/jhql

The JSON HTML Query Language, a XPath and JSON based utility to extract interested contents from HTML documents.

Primary LanguageJava

JHQL - The JSON HTML Query Language

Author: Kunshan Wang

Using JHQL, you can easily extract interesting fields from an HTML web page.

Introduction

JHQL is a JSON-based language expressing a mapping from an HTML page to a JSON-like value.

Suppose you are looking at the HTML source code of a web page and you are interested in the project name, the author's name and the download address:

....
<h1>The JHQL Project</h1>
<div>Author: <span id="author-name">wks</span></div>
<h2>Download</h2>
<div id="download-box">
    Please click <a href="http://www.example.com/">here</a>.
</div>
....

With adequate knowledge of Java and HTML/XML, you can use DOM or XPath to locate and extract those fields. But directly using the DOM or the XPath API is boring and your code will soon become unreadable. There is a more beautiful way to do this. Write a JHQL expression like this (You are right. It is a JSON Value.):

{
    "projectName": "text://h1",
    "authorName": "text://*[@id='author-name']",
    "downloadUrl": "text://*[@id='download-box']/a/@href"
}

Save this script as "myexpression.jhql". In Java, do this:

public static void main(String[] args) throws Exception {
    Jhql jhql = new Jhql();

    Queryer queryer = jhql.makeQueryer(new File("myexpression.jhql"));

    Object result = jhql.queryHtml(queryer, new File("theAboveExampe.html"));

    System.out.println(result);
}

It will print:

{projectName=The JHQL Project, authorName=wks, downloadUrl=http://www.example.com/}

The 'result' variable is a Map<String, Object> in Java, although JHQL was designed to generate a JSON Value roughly equivalent to:

{
    "projectName": "The JHQL Project",
    "authorName": "wks",
    "downloadUrl": "http://www.example.com/"
}

More Examples

A JHQL expression is a JSON Value (most probably a JSON Object) like this:

{
    "username": "text:.//h1/text()",
    "fullname": "text:.//dd[@class='fn']",
    "membersince": {
        "_type": "date",
        "value": ".//div[@class='first vcard']/dl[2]/dd",
        "dateFormat": "MMM dd, yyyy"
    }
}

As you can guess, it extracts the username and the fullname from an HTML page using XPath. It also extracts a date using a combination of an XPath and a date format (see SimpleDateFormat).

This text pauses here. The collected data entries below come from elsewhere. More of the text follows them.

theorem X600_clique_complex: "X600 = clique_complex V600 adj600"
proof (intro equalityI subsetI)
  fix \<sigma> assume "\<sigma> \<in> X600"
  then obtain F where "\<sigma> = V600 \<inter> F" "F face_of convex hull V600" "F \<noteq> {}" "F \<noteq> convex hull V600"
    unfolding X600_def by blast
  then show "\<sigma> \<in> clique_complex V600 adj600" using proper_face_clique by simp
next
  fix \<sigma> assume "\<sigma> \<in> clique_complex V600 adj600"
  then obtain F where "F face_of convex hull V600" "F \<noteq> {}" "F \<noteq> convex hull V600" "\<sigma> = V600 \<inter> F"
    by (rule clique_proper_face)
  then show "\<sigma> \<in> X600" unfolding X600_def by blast
qed

theorem lemma4p8:
  assumes "v \<in> V600"
  shows "flag_no_square (X580 v) \<and> three_convex (bdry580 v) (X580 v)"
proof -
  have X580: "X580 v = clique_complex (V600 - {v}) adj600"
    unfolding X580_def X600_clique_complex by (rule clique_complex_delete)
  have bdry580: "bdry580 v = clique_complex {x \<in> V600. x \<noteq> v \<and> adj600 v x} adj600"
    unfolding bdry580_def X600_clique_complex by (rule clique_complex_link[OF symp_adj600 assms])
  have "flag_no_square (clique_complex (V600 - {v}) adj600)"
    using no_induced_square_mono[OF no_induced_square_adj600]
    by (intro flag_no_square_clique_complex[OF symp_adj600]) blast
  moreover have "three_convex (clique_complex {x \<in> V600. x \<noteq> v \<and> adj600 v x} adj600)
                              (clique_complex (V600 - {v}) adj600)"
    by (rule three_convex_link[OF symp_adj600 assms no_induced_square_adj600])
  ultimately show ?thesis unfolding X580 bdry580 ..
qed

end
lemma nn_integral_norm_le_sobolevF_sq:
  fixes g :: "real^'n::finite \<Rightarrow> complex"
  assumes [measurable]: "g \<in> borel_measurable lborel"
  shows "(\<integral>\<^sup>+\<xi>. ennreal (cmod (g \<xi>)) \<partial>lborel)\<^sup>2
    \<le> sobolevF_sq s g * (\<integral>\<^sup>+\<xi>. ennreal ((1 + (norm \<xi>)\<^sup>2) powr (-s)) \<partial>(lborel::(real^'n) measure))"
proof -
  define w where "w \<xi> = 1 + (norm \<xi>)\<^sup>2" for \<xi> :: "real^'n"
  have w_pos: "w \<xi> > 0" for \<xi> unfolding w_def by (simp add: add_pos_nonneg)
  have w_cancel: "w \<xi> powr (s/2) * w \<xi> powr (- (s/2)) = 1" for \<xi>
    using w_pos[of \<xi>] by (simp add: powr_add[symmetric])
  have w_sq: "(w \<xi> powr (s/2))\<^sup>2 = w \<xi> powr s" "(w \<xi> powr (- (s/2)))\<^sup>2 = w \<xi> powr (-s)" for \<xi>
    using w_pos[of \<xi>] by (simp_all add: power2_eq_square powr_add[symmetric])
  have "(\<integral>\<^sup>+\<xi>. ennreal (cmod (g \<xi>)) \<partial>lborel)
      = (\<integral>\<^sup>+\<xi>. ennreal (w \<xi> powr (s/2) * cmod (g \<xi>)) * ennreal (w \<xi> powr (-s/2)) \<partial>lborel)"
    by (intro nn_integral_cong) (simp add: ennreal_mult[symmetric] w_cancel mult_ac)
  also have "\<dots>\<^sup>2 \<le> (\<integral>\<^sup>+\<xi>. (ennreal (w \<xi> powr (s/2) * cmod (g \<xi>)))\<^sup>2 \<partial>lborel)
      * (\<integral>\<^sup>+\<xi>. (ennreal (w \<xi> powr (-s/2)))\<^sup>2 \<partial>lborel)"
    unfolding w_def by (rule Cauchy_Schwarz_nn_integral) measurable
  also have "(\<integral>\<^sup>+\<xi>. (ennreal (w \<xi> powr (s/2) * cmod (g \<xi>)))\<^sup>2 \<partial>lborel) = sobolevF_sq s g"
    unfolding sobolevF_sq_def
    by (intro nn_integral_cong) (simp add: ennreal_power power_mult_distrib w_sq(1) w_def[symmetric])
  also have "(\<integral>\<^sup>+\<xi>. (ennreal (w \<xi> powr (-s/2)))\<^sup>2 \<partial>lborel)
      = (\<integral>\<^sup>+\<xi>. ennreal ((1 + (norm \<xi>)\<^sup>2) powr (-s)) \<partial>(lborel::(real^'n) measure))"
    by (intro nn_integral_cong) (simp add: ennreal_power w_sq(2) w_def[symmetric])
  finally show ?thesis .
qed

lemma ex_norm_sq_mult_kernel_bound:
  fixes K :: "real^'n::finite \<Rightarrow> complex"
  assumes low: "CARD('n) \<le> 2 \<Longrightarrow> (\<exists>M. \<forall>\<xi>. (1 + (norm \<xi>)\<^sup>2) * cmod (K \<xi>) \<le> M)"
    and high: "CARD('n) \<ge> 3 \<Longrightarrow> (\<exists>M. \<forall>\<xi>. (norm \<xi>)\<^sup>2 * cmod (K \<xi>) \<le> M)"
  shows "\<exists>M. \<forall>\<xi>. (norm \<xi>)\<^sup>2 * cmod (K \<xi>) \<le> M"
proof (cases "CARD('n) \<le> 2")
  case True
  then obtain M where M: "\<And>\<xi>. (1 + (norm \<xi>)\<^sup>2) * cmod (K \<xi>) \<le> M" using low by blast
  have "(norm \<xi>)\<^sup>2 * cmod (K \<xi>) \<le> M" for \<xi>
    using M[of \<xi>] by (smt (verit) mult_right_mono norm_ge_zero)
  then show ?thesis by blast
qed (use high in force)

lemma kernel_nn_integral_ball_less_top:
  fixes K :: "real^'n::finite \<Rightarrow> complex"
  assumes [measurable]: "K \<in> borel_measurable lborel"
    and low: "CARD('n) \<le> 2 \<Longrightarrow> (\<exists>M. \<forall>\<xi>. (1 + (norm \<xi>)\<^sup>2) * cmod (K \<xi>) \<le> M)"
    and high: "CARD('n) \<ge> 3 \<Longrightarrow> (\<exists>M. \<forall>\<xi>. (norm \<xi>)\<^sup>2 * cmod (K \<xi>) \<le> M)"
  shows "(\<integral>\<^sup>+\<xi>. indicator (ball 0 1) \<xi> * ennreal (cmod (K \<xi>)) \<partial>lborel) < \<infinity>"
proof (cases "CARD('n) \<le> 2")
  case True
  then obtain M where M: "\<And>\<xi>. (1 + (norm \<xi>)\<^sup>2) * cmod (K \<xi>) \<le> M" using low by blast
  have "cmod (K \<xi>) \<le> M" for \<xi>
    using M[of \<xi>] by (smt (verit) mult_right_mono norm_ge_zero zero_le_power2 mult_cancel_right1)
  then have "(\<integral>\<^sup>+\<xi>. indicator (ball 0 1) \<xi> * ennreal (cmod (K \<xi>)) \<partial>lborel)
      \<le> (\<integral>\<^sup>+\<xi>. ennreal M * indicator (ball 0 1) \<xi> \<partial>(lborel::(real^'n) measure))"
    by (intro nn_integral_mono) (auto simp: indicator_def ennreal_leI)
  also have "\<dots> = ennreal M * emeasure lborel (ball (0::real^'n) 1)"
    by (simp add: nn_integral_cmult_indicator del: nn_integral_indicator_singleton)
  also have "\<dots> < \<infinity>" by (simp add: emeasure_ball ennreal_mult_less_top)
  finally show ?thesis .
next
  case False
  then obtain M where M: "\<And>\<xi>. (norm \<xi>)\<^sup>2 * cmod (K \<xi>) \<le> M" using high by force
  have M_nonneg: "M \<ge> 0" using M[of 0] by simp
  have [measurable]: "ball (0::real^'n) 1 \<in> sets borel" by simp
  have "(\<integral>\<^sup>+\<xi>. indicator (ball 0 1) \<xi> * ennreal (cmod (K \<xi>)) \<partial>lborel)
      \<le> (\<integral>\<^sup>+\<xi>. ennreal M * (indicator (ball 0 1) \<xi> * ennreal (norm \<xi> powr (-2))) \<partial>(lborel::(real^'n) measure))"
  proof (rule nn_integral_mono_AE)
    show "AE \<xi> in lborel. indicator (ball 0 1) \<xi> * ennreal (cmod (K \<xi>))
        \<le> ennreal M * (indicator (ball 0 1) \<xi> * ennreal (norm \<xi> powr (-2)))"
      using AE_lborel_singleton[of 0]
    proof eventually_elim
      case (elim \<xi>)
      then have "norm \<xi> > 0" by simp
      then have "cmod (K \<xi>) \<le> M * norm \<xi> powr (-2)"
        using M[of \<xi>] by (simp add: powr_minus field_simps)
      then show ?case
        using M_nonneg by (auto simp: indicator_def ennreal_mult''[symmetric] intro!: ennreal_leI)
    qed
  qed
  also have "\<dots> = ennreal M * (\<integral>\<^sup>+\<xi>. indicator (ball 0 1) \<xi> * ennreal (norm \<xi> powr (-2)) \<partial>(lborel::(real^'n) measure))"
    by (rule nn_integral_cmult) measurable
  also have "\<dots> < \<infinity>"
    using nn_integral_ball_norm_powr_less_top[of 2, where 'a="real^'n"] False
    by (simp add: ennreal_mult_less_top)
  finally show ?thesis .
qed

lemma norm_nonlocal_hat:
  fixes K :: "real^'n::finite \<Rightarrow> complex"
  shows "cmod (nonlocal_hat K \<rho> \<xi>)
    = (2*pi) powr (real CARD('n) / 2) * cmod (K \<xi>) * cmod (fourier (\<lambda>x. complex_of_real (\<rho> x)) \<xi>)"
  unfolding nonlocal_hat_def by (simp add: norm_mult)

lemma borel_measurable_nonlocal_hat [measurable]:
  fixes K :: "real^'n::finite \<Rightarrow> complex"
  assumes [measurable]: "K \<in> borel_measurable lborel" "\<rho> \<in> borel_measurable lborel"
  shows "nonlocal_hat K \<rho> \<in> borel_measurable lborel"
  unfolding nonlocal_hat_def[abs_def] by measurable

lemma L1_norm_eq_integral: "integrable lborel \<rho> \<Longrightarrow> L1_norm \<rho> = ennreal (\<integral>x. \<bar>\<rho> x\<bar> \<partial>lborel)"
  unfolding L1_norm_def by (rule nn_integral_eq_integral) auto

lemma in_Hs_L1E:
  assumes "in_Hs_L1 s \<rho>"
  obtains H where "H \<ge> 0" "sobolevF_sq s (fourier (\<lambda>x. complex_of_real (\<rho> x))) = ennreal H"
    "Hs_norm s \<rho> = ennreal (sqrt H)"
proof
  let ?H = "enn2real (sobolevF_sq s (fourier (\<lambda>x. complex_of_real (\<rho> x))))"
  show "sobolevF_sq s (fourier (\<lambda>x. complex_of_real (\<rho> x))) = ennreal ?H"
    using assms unfolding in_Hs_L1_def by (simp add: less_top)
  then show "Hs_norm s \<rho> = ennreal (sqrt ?H)"
    unfolding Hs_norm_def by (metis enn2real_nonneg ennsqrt_ennreal)
qed simp

text \<open>Here \<open>n, k, r, L\<close> stand for \<open>|\<xi>|\<close>, \<open>|K\<^sup>^(\<xi>)|\<close>, \<open>|\<rho>\<^sup>^(\<xi>)|\<close>, \<open>\<parallel>\<rho>\<parallel>\<^sub>1\<close>, and \<open>c, P\<close> for
  \<open>(2\<pi>)\<^sup>-\<^sup>d\<^sup>/\<^sup>2, (2\<pi>)\<^sup>d\<^sup>/\<^sup>2\<close>; the two summands are the high- and low-frequency contributions.\<close>
lemma gradient_symbol_le:
  fixes n k r M L P c s :: real
  assumes "0 \<le> n" "0 \<le> k" "0 \<le> r" "0 \<le> s"
    and decay: "n\<^sup>2 * k \<le> M" and r_le: "r \<le> c * L" and cP: "c * P = 1"
  shows "(1 + n\<^sup>2) powr (s + 1) * (n\<^sup>2 * (P * k * r)\<^sup>2)
    \<le> 2 * M\<^sup>2 * P\<^sup>2 * ((1 + n\<^sup>2) powr s * r\<^sup>2) + (if n < 1 then 2 powr (s + 1) * M * L\<^sup>2 * k else 0)"
proof -
  define w where "w = 1 + n\<^sup>2"
  have w1: "w \<ge> 1" unfolding w_def by simp
  have M0: "M \<ge> 0" using decay assms(1,2) by (smt (verit) mult_nonneg_nonneg zero_le_power2)
  have lhs: "w powr (s + 1) * (n\<^sup>2 * (P * k * r)\<^sup>2) = w powr (s + 1) * (P\<^sup>2 * ((n\<^sup>2 * k) * k * r\<^sup>2))"
    by (simp add: power_mult_distrib power2_eq_square mult_ac)
  have rhs_nonneg: "0 \<le> 2 * M\<^sup>2 * P\<^sup>2 * (w powr s * r\<^sup>2)" by simp
  show ?thesis
  proof (cases "n < 1")
    case True
    have w2: "w powr (s + 1) \<le> 2 powr (s + 1)"
      unfolding w_def using True assms(1,4) by (intro powr_mono2) (auto simp: power_le_one)
    have "P\<^sup>2 * ((n\<^sup>2 * k) * k * r\<^sup>2) \<le> P\<^sup>2 * (M * k * (c * L)\<^sup>2)"
      using decay assms(2,3) r_le M0 by (intro mult_left_mono mult_mono power_mono) auto
    also have "\<dots> = M * k * L\<^sup>2" using cP by (simp add: power_mult_distrib[symmetric] mult_ac)
    finally have "w powr (s + 1) * (P\<^sup>2 * ((n\<^sup>2 * k) * k * r\<^sup>2)) \<le> 2 powr (s + 1) * (M * k * L\<^sup>2)"
      using M0 assms(2) by (intro mult_mono[OF w2]) auto
    also have "\<dots> \<le> 2 * M\<^sup>2 * P\<^sup>2 * (w powr s * r\<^sup>2) + 2 powr (s + 1) * (M * k * L\<^sup>2)"
      using rhs_nonneg by simp
    finally show ?thesis using True unfolding w_def[symmetric] lhs by (simp add: mult_ac)
  next
    case False
    have "w * ((n\<^sup>2 * k) * k) \<le> (2 * n\<^sup>2) * ((n\<^sup>2 * k) * k)"
      using False assms(1,2) unfolding w_def by (intro mult_right_mono) (auto simp: one_le_power)
    also have "\<dots> = 2 * (n\<^sup>2 * k)\<^sup>2" by (simp add: power2_eq_square mult_ac)
    also have "\<dots> \<le> 2 * M\<^sup>2" using decay assms(1,2) by (intro mult_left_mono power_mono) auto
    finally have "w * ((n\<^sup>2 * k) * k) \<le> 2 * M\<^sup>2" .
    have "w powr (s + 1) * (P\<^sup>2 * ((n\<^sup>2 * k) * k * r\<^sup>2)) = w powr s * (P\<^sup>2 * r\<^sup>2) * (w * ((n\<^sup>2 * k) * k))"
      using w1 by (simp add: powr_add mult_ac)
    also have "\<dots> \<le> w powr s * (P\<^sup>2 * r\<^sup>2) * (2 * M\<^sup>2)"
      using \<open>w * ((n\<^sup>2 * k) * k) \<le> 2 * M\<^sup>2\<close> by (intro mult_left_mono) auto
    also have "\<dots> = 2 * M\<^sup>2 * P\<^sup>2 * (w powr s * r\<^sup>2)" by (simp add: mult_ac)
    finally show ?thesis using False unfolding w_def[symmetric] lhs by simp
  qed
qed
lemma moment_conv_imp_continuous_conv:
  fixes U :: "nat \<Rightarrow> 'a \<Rightarrow> real" and V :: "'b \<Rightarrow> real" and g :: "real \<Rightarrow> real"
  assumes M: "prob_space M" and N: "prob_space N"
    and U: "\<And>n. U n \<in> borel_measurable M" "\<And>n \<omega>. \<omega> \<in> space M \<Longrightarrow> U n \<omega> \<in> {0..1}"
    and V: "V \<in> borel_measurable N" "\<And>\<omega>. \<omega> \<in> space N \<Longrightarrow> V \<omega> \<in> {0..1}"
    and moments: "\<And>i. (\<lambda>n. \<integral>\<omega>. U n \<omega> ^ i \<partial>M) \<longlonglongrightarrow> (\<integral>\<omega>. V \<omega> ^ i \<partial>N)"
    and g: "continuous_on UNIV g"
  shows "(\<lambda>n. \<integral>\<omega>. g (U n \<omega>) \<partial>M) \<longlonglongrightarrow> (\<integral>\<omega>. g (V \<omega>) \<partial>N)"
proof (rule LIMSEQ_I)
  interpret M: prob_space M by fact
  interpret N: prob_space N by fact
  fix r :: real assume "0 < r"
  then obtain p where "real_polynomial_function p" and gp: "\<And>x. x \<in> {0..1} \<Longrightarrow> \<bar>g x - p x\<bar> < r/3"
    using Stone_Weierstrass_real_polynomial_function[of "{0..1}" g "r/3"] g
    by (metis compact_Icc continuous_on_subset divide_pos_pos subset_UNIV zero_less_numeral)
  then obtain a d where p: "p = (\<lambda>x. \<Sum>i\<le>d. a i * x ^ i)"
    using real_polynomial_function_iff_sum by blast
  have intU: "integrable M (\<lambda>\<omega>. h (U n \<omega>))" if "continuous_on UNIV h" for h :: "real \<Rightarrow> real" and n
    using M.finite_measure that U by (rule integrable_continuous_comp_bounded)
  have intV: "integrable N (\<lambda>\<omega>. h (V \<omega>))" if "continuous_on UNIV h" for h :: "real \<Rightarrow> real"
    using N.finite_measure that V by (rule integrable_continuous_comp_bounded)
  have "continuous_on UNIV p" "\<And>i. continuous_on UNIV (\<lambda>x::real. x ^ i)"
    unfolding p by (intro continuous_intros)+
  note cont = g this
  have "(\<lambda>n. \<Sum>i\<le>d. a i * (\<integral>\<omega>. U n \<omega> ^ i \<partial>M)) \<longlonglongrightarrow> (\<Sum>i\<le>d. a i * (\<integral>\<omega>. V \<omega> ^ i \<partial>N))"
    by (intro tendsto_intros moments)
  then have "(\<lambda>n. \<integral>\<omega>. p (U n \<omega>) \<partial>M) \<longlonglongrightarrow> (\<integral>\<omega>. p (V \<omega>) \<partial>N)"
    unfolding p using intU[OF cont(3)] intV[OF cont(3)] by simp
  then obtain n0 where n0: "\<And>n. n \<ge> n0 \<Longrightarrow>
      \<bar>(\<integral>\<omega>. p (U n \<omega>) \<partial>M) - (\<integral>\<omega>. p (V \<omega>) \<partial>N)\<bar> < r/3"
    using LIMSEQ_D[of _ _ "r/3"] \<open>0 < r\<close> by (metis real_norm_def divide_pos_pos zero_less_numeral)
  have gpU: "\<bar>(\<integral>\<omega>. g (U n \<omega>) \<partial>M) - (\<integral>\<omega>. p (U n \<omega>) \<partial>M)\<bar> \<le> r/3" for n
    using M intU[OF cont(1)] intU[OF cont(2)] gp U(2)
    by (intro integral_diff_le_uniform) (auto intro: less_imp_le)
  have gpV: "\<bar>(\<integral>\<omega>. g (V \<omega>) \<partial>N) - (\<integral>\<omega>. p (V \<omega>) \<partial>N)\<bar> \<le> r/3"
    using N intV[OF cont(1)] intV[OF cont(2)] gp V(2)
    by (intro integral_diff_le_uniform) (auto intro: less_imp_le)
  show "\<exists>n0. \<forall>n\<ge>n0. norm ((\<integral>\<omega>. g (U n \<omega>) \<partial>M) - (\<integral>\<omega>. g (V \<omega>) \<partial>N)) < r"
  proof (intro exI[of _ n0] allI impI)
    fix n assume "n \<ge> n0"
    with n0[of n] gpU[of n] gpV
    show "norm ((\<integral>\<omega>. g (U n \<omega>) \<partial>M) - (\<integral>\<omega>. g (V \<omega>) \<partial>N)) < r"
      unfolding real_norm_def by linarith
  qed
qed
(* Let $\lambda,\mu,\rho,\mathsf D>0$, $X=[-\frac{\mu\mathsf D}{2\lambda},\frac{\mu\mathsf D}{2\lambda}]$, and let $\hat f=\hat f_0$, i.e. $\hat f(x,y)=f(x,\hat y)$. 1. For $f=F_{0,0,\lambda,\mu,0}$ (i.e. $f(x,y)=-\frac{\lambda x^2}2+\mu xy$) and $Y=[-\frac12\mathsf D,\frac12\mathsf D]$, there exist $\hat y\in Y$ and $x^*\in X$ such that $\hat\varphi_{2\lambda}'(x^* )=0$ while $|\varphi_{2\lambda}'(x^* )|\ge\frac{\mu\mathsf D}{2}$. 2. If $\mu\ge\sqrt{2\lambda\rho/\mathsf D}$, then for $f=S_{\lambda,\rho,\mathsf D}$ and $Y=[0,\mathsf D]$ there exist $\hat y\in Y$ and $x^*\in X$ such that $\hat\varphi_{2\lambda}'(x^* )=0$ while $|\varphi_{2\lambda}'(x^* )|\ge\frac{\sqrt{\lambda\rho\mathsf D}}{3}$.
   Context: For $k\in\mathbb N\cup\{0\}$, $s\in\{\pm1,0\}$, $\lambda>0$, $\mu\ge0$, $\rho\ge0$: $F_{k,s,\lambda,\mu,\rho}(x,y)=-\frac{\lambda x^2}{2}+\mu xy+\frac{s\rho|y|^{k+1}}{(k+1)!}$ on $\mathbb R\times\mathbb R$. Also $S_{\lambda,\rho,\mathsf D}(x,y)=-\frac{\lambda x^2}{4}+\frac{\rho y}{2}\big(\tanh\big(\sqrt{\tfrac{\lambda}{\rho\mathsf D}}\,x\big)-1\big)$. Given $f$, $X,Y\subseteq\mathbb R$ and $\hat y\in Y$: $\varphi(x)=\max_{y\in Y}f(x,y)$, $\hat\varphi(x)=\max_{y\in Y}\hat f(x,y)$, and for a function $\phi$ on $X$, $\phi_{2\lambda}(x)=\min_{u\in X}\{\phi(u)+\lambda(u-x)^2\}$ (Moreau envelope with parameter $2\lambda$); $'$ denotes the derivative in $x$. *)

theory Defs
  imports "HOL-Analysis.Analysis"
begin

definition F_fun :: "nat \<Rightarrow> real \<Rightarrow> real \<Rightarrow> real \<Rightarrow> real \<Rightarrow> real \<Rightarrow> real \<Rightarrow> real" where
  "F_fun k s lam mu rho x y =
     - lam * x\<^sup>2 / 2 + mu * x * y + s * rho * \<bar>y\<bar> ^ (k + 1) / fact (k + 1)"

definition S_fun :: "real \<Rightarrow> real \<Rightarrow> real \<Rightarrow> real \<Rightarrow> real \<Rightarrow> real" where
  "S_fun lam rho D x y =
     - lam * x\<^sup>2 / 4 + rho * y / 2 * (tanh (sqrt (lam / (rho * D)) * x) - 1)"

definition max_fun :: "(real \<Rightarrow> real \<Rightarrow> real) \<Rightarrow> real set \<Rightarrow> real \<Rightarrow> real" where
  "max_fun f Y x = (SUP y\<in>Y. f x y)"

definition hat_fun :: "(real \<Rightarrow> real \<Rightarrow> real) \<Rightarrow> real \<Rightarrow> real \<Rightarrow> real \<Rightarrow> real" where
  "hat_fun f yh x y = f x yh"

text \<open>Moreau envelope with parameter 2 lam: phi_{2 lam}(x) = min_{u in X} phi(u) + lam (u-x)^2\<close>
definition moreau_env :: "(real \<Rightarrow> real) \<Rightarrow> real set \<Rightarrow> real \<Rightarrow> real \<Rightarrow> real" where
  "moreau_env phi X lam x = (INF u\<in>X. phi u + lam * (u - x)\<^sup>2)"

end

theory Submission
  imports Defs
begin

When you apply this JHQL expression to this page https://github.com/wks/ , it gives you:

{
    "username" : "wks",
    "fullname" : "Kunshan Wang",
    "membersince" : "2010-08-18T16:00:00.000+0000"
}

The result here is in the JSON form. You actually get a LinkedHashMap in Java, but you can convert it into JSON if you want. (Try Jackson)

A more complex query:

{
    "username": "text:.//h1/text()",
    "publicRepos": {
        "_type": "list",
        "from": ".//li[@class='public']",
        "select": {
            "reponame": "text:./h3/a",
            "language": "text:./ul/li[1]",
            "watchers": "int:./ul/li[@class='watchers']/a",
            "forks": "int:./ul/li[@class='forks']/a"
        }
    }
}

"publicRepos" selects multiple nodes. It will first find all DOM nodes using the XPath in the "from" part: ".//li[@class='public']". Then it does the query in the "select" on each matching node.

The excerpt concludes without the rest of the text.